* [Directions]: Please reproduce, exactly and with nothing else, every line from the one containing "using exponential_distributedD_le[OF dist[of" through the last line of the records below.

[Data entries]
+===+
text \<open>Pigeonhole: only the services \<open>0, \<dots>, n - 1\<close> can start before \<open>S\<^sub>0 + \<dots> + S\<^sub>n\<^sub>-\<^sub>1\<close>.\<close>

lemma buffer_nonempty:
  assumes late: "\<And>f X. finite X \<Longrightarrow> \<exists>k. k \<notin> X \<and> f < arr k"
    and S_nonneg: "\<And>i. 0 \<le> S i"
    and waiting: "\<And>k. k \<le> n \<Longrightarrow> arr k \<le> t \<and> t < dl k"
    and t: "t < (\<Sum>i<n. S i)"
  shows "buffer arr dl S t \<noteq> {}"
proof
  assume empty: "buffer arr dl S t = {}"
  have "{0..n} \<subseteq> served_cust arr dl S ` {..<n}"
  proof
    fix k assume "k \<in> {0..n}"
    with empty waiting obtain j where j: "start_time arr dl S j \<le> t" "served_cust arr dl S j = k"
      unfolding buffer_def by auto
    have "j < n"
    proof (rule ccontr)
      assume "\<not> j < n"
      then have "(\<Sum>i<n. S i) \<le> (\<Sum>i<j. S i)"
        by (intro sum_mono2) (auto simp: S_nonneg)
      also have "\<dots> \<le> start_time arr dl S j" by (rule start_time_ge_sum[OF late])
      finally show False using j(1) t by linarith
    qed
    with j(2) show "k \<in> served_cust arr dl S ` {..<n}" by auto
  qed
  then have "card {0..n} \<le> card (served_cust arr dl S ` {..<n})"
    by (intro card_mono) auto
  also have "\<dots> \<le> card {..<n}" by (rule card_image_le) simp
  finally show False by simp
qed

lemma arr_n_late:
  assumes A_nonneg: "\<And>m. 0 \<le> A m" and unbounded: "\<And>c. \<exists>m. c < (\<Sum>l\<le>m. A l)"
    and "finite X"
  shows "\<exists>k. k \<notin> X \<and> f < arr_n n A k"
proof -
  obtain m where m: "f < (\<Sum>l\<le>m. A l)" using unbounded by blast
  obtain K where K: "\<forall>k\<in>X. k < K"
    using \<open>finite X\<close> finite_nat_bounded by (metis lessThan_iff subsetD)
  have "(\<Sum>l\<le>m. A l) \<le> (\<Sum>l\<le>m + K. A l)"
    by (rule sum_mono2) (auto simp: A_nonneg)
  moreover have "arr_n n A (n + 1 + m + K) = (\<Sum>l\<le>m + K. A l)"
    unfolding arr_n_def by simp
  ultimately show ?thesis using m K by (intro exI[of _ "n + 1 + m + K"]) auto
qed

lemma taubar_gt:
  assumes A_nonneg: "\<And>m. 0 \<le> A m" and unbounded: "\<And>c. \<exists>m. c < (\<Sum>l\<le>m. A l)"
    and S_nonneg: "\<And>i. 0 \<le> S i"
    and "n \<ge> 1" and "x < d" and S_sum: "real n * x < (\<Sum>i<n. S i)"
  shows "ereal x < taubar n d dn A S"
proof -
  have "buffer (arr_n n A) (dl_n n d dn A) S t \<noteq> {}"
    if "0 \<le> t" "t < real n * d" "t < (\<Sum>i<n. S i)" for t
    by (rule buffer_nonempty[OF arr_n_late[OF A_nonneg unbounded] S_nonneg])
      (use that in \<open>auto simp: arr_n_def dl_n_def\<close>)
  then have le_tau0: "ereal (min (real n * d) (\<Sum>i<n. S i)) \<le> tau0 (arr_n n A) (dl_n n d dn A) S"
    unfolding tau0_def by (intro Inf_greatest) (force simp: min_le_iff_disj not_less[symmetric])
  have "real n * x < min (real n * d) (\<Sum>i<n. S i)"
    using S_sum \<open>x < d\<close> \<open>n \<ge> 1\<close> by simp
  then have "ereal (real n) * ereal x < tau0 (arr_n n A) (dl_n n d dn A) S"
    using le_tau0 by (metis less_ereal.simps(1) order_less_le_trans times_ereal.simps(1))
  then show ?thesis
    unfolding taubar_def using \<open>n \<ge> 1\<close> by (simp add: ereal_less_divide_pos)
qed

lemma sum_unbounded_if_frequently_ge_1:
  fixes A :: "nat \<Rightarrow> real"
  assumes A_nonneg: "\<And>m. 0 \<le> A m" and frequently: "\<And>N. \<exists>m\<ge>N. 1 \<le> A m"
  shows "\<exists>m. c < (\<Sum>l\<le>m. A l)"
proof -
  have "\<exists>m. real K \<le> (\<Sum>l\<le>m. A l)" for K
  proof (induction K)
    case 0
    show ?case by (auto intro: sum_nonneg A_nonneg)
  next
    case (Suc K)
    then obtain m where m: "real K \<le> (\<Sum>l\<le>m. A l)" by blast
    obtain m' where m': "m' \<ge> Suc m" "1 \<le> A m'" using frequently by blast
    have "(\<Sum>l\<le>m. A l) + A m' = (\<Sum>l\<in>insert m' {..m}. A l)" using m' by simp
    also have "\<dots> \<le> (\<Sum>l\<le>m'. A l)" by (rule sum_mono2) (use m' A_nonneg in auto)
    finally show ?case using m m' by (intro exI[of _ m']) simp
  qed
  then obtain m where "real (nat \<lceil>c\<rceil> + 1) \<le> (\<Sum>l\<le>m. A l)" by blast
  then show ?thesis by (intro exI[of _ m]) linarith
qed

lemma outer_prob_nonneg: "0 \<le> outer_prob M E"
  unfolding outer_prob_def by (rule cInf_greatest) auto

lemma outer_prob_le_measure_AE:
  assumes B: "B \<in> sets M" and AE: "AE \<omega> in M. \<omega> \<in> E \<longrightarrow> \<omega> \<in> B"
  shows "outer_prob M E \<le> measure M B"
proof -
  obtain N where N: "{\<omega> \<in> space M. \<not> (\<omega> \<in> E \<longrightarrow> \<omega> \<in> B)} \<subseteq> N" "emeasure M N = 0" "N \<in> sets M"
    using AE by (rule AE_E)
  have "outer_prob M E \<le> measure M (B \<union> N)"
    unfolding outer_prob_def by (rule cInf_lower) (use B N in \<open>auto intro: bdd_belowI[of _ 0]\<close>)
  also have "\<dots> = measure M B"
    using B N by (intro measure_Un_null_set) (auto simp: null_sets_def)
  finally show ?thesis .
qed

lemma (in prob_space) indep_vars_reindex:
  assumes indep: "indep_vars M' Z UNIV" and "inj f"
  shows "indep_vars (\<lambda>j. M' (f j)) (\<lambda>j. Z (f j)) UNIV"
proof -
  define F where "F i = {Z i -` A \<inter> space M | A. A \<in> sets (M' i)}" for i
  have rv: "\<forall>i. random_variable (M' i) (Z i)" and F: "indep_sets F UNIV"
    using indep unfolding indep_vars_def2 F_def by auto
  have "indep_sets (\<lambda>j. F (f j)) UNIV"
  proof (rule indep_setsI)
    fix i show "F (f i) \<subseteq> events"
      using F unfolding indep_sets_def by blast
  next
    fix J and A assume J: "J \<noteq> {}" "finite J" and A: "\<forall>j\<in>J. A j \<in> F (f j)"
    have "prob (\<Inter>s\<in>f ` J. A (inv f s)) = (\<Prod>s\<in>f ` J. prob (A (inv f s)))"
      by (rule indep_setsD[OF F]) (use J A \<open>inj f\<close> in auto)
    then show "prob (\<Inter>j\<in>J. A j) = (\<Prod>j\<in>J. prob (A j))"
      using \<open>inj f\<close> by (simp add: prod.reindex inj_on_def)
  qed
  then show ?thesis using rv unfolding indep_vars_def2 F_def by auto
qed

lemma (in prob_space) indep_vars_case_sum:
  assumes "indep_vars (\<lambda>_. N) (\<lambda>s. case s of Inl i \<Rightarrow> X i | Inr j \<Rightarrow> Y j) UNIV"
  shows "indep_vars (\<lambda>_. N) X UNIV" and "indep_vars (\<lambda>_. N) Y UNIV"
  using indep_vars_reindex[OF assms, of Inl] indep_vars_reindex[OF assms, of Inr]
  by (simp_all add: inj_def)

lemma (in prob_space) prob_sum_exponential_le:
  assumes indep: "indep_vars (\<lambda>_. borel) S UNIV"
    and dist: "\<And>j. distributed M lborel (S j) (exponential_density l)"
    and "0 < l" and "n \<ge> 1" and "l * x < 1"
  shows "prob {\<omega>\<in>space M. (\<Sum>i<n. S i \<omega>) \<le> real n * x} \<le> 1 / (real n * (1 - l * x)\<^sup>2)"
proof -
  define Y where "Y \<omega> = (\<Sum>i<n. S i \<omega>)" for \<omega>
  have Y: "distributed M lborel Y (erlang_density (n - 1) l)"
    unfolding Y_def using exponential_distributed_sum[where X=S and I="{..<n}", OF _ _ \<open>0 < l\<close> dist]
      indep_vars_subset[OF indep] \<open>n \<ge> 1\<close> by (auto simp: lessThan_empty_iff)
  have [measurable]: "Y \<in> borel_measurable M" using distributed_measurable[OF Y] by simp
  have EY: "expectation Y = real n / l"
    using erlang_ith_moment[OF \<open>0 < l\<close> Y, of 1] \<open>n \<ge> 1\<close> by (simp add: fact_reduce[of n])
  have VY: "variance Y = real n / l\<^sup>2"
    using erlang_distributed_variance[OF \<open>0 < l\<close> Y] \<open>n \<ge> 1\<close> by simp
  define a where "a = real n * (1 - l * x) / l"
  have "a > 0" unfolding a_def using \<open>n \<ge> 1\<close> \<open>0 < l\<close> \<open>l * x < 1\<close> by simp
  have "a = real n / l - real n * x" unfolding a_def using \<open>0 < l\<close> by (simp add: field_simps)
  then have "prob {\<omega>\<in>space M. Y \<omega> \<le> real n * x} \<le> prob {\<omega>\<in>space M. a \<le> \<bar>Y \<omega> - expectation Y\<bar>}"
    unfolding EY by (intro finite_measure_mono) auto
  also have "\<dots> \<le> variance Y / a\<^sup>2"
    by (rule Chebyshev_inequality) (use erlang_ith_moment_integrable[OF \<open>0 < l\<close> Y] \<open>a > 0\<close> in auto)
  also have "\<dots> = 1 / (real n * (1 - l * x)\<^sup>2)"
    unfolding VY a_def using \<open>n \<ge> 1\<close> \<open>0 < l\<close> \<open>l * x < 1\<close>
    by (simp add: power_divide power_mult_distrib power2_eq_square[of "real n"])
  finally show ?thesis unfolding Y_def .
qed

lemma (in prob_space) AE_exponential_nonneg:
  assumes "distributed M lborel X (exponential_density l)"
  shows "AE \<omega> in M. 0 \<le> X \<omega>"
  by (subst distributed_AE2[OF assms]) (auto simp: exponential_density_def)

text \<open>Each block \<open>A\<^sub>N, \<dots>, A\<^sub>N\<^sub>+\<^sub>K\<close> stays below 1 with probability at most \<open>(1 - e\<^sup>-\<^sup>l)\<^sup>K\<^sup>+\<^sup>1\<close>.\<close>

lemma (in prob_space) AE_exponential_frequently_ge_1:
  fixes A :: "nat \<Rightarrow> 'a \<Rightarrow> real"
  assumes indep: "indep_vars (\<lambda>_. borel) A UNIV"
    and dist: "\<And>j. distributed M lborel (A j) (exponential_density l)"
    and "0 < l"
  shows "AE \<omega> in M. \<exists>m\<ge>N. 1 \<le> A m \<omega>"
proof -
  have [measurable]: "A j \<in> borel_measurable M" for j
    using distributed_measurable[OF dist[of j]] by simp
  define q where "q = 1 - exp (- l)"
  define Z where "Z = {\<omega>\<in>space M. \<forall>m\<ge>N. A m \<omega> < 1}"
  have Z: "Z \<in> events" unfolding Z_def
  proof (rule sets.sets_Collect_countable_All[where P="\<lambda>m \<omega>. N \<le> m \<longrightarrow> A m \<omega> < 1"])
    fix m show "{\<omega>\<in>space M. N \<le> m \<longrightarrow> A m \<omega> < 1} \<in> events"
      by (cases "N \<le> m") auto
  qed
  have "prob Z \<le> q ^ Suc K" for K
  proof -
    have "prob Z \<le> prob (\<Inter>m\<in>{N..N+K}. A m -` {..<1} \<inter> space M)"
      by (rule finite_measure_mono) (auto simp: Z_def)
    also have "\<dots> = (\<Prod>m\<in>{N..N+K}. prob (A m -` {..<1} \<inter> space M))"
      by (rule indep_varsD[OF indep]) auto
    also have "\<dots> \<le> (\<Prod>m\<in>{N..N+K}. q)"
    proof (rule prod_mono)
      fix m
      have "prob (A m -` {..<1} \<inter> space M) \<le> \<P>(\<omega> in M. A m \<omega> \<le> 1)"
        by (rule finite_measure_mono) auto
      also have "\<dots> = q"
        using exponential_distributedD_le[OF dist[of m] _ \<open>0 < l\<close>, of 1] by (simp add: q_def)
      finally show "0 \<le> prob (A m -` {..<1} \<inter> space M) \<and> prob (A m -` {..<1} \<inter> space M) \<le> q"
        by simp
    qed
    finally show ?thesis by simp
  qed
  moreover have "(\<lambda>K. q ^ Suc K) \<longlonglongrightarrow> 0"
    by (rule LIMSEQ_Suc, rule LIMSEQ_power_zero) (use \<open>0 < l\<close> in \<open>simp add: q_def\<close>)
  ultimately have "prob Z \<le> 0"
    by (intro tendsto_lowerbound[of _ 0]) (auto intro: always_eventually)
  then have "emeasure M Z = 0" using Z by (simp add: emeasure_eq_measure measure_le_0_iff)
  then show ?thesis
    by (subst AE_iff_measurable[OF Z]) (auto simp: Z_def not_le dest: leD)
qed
+===+
* [Reply]:
        using exponential_distributedD_le[OF dist[of m] _ \<open>0 < l\<close>, of 1] by (simp add: q_def)
      finally show "0 \<le> prob (A m -` {..<1} \<inter> space M) \<and> prob (A m -` {..<1} \<inter> space M) \<le> q"
        by simp
    qed
    finally show ?thesis by simp
  qed
  moreover have "(\<lambda>K. q ^ Suc K) \<longlonglongrightarrow> 0"
    by (rule LIMSEQ_Suc, rule LIMSEQ_power_zero) (use \<open>0 < l\<close> in \<open>simp add: q_def\<close>)
  ultimately have "prob Z \<le> 0"
    by (intro tendsto_lowerbound[of _ 0]) (auto intro: always_eventually)
  then have "emeasure M Z = 0" using Z by (simp add: emeasure_eq_measure measure_le_0_iff)
  then show ?thesis
    by (subst AE_iff_measurable[OF Z]) (auto simp: Z_def not_le dest: leD)
qed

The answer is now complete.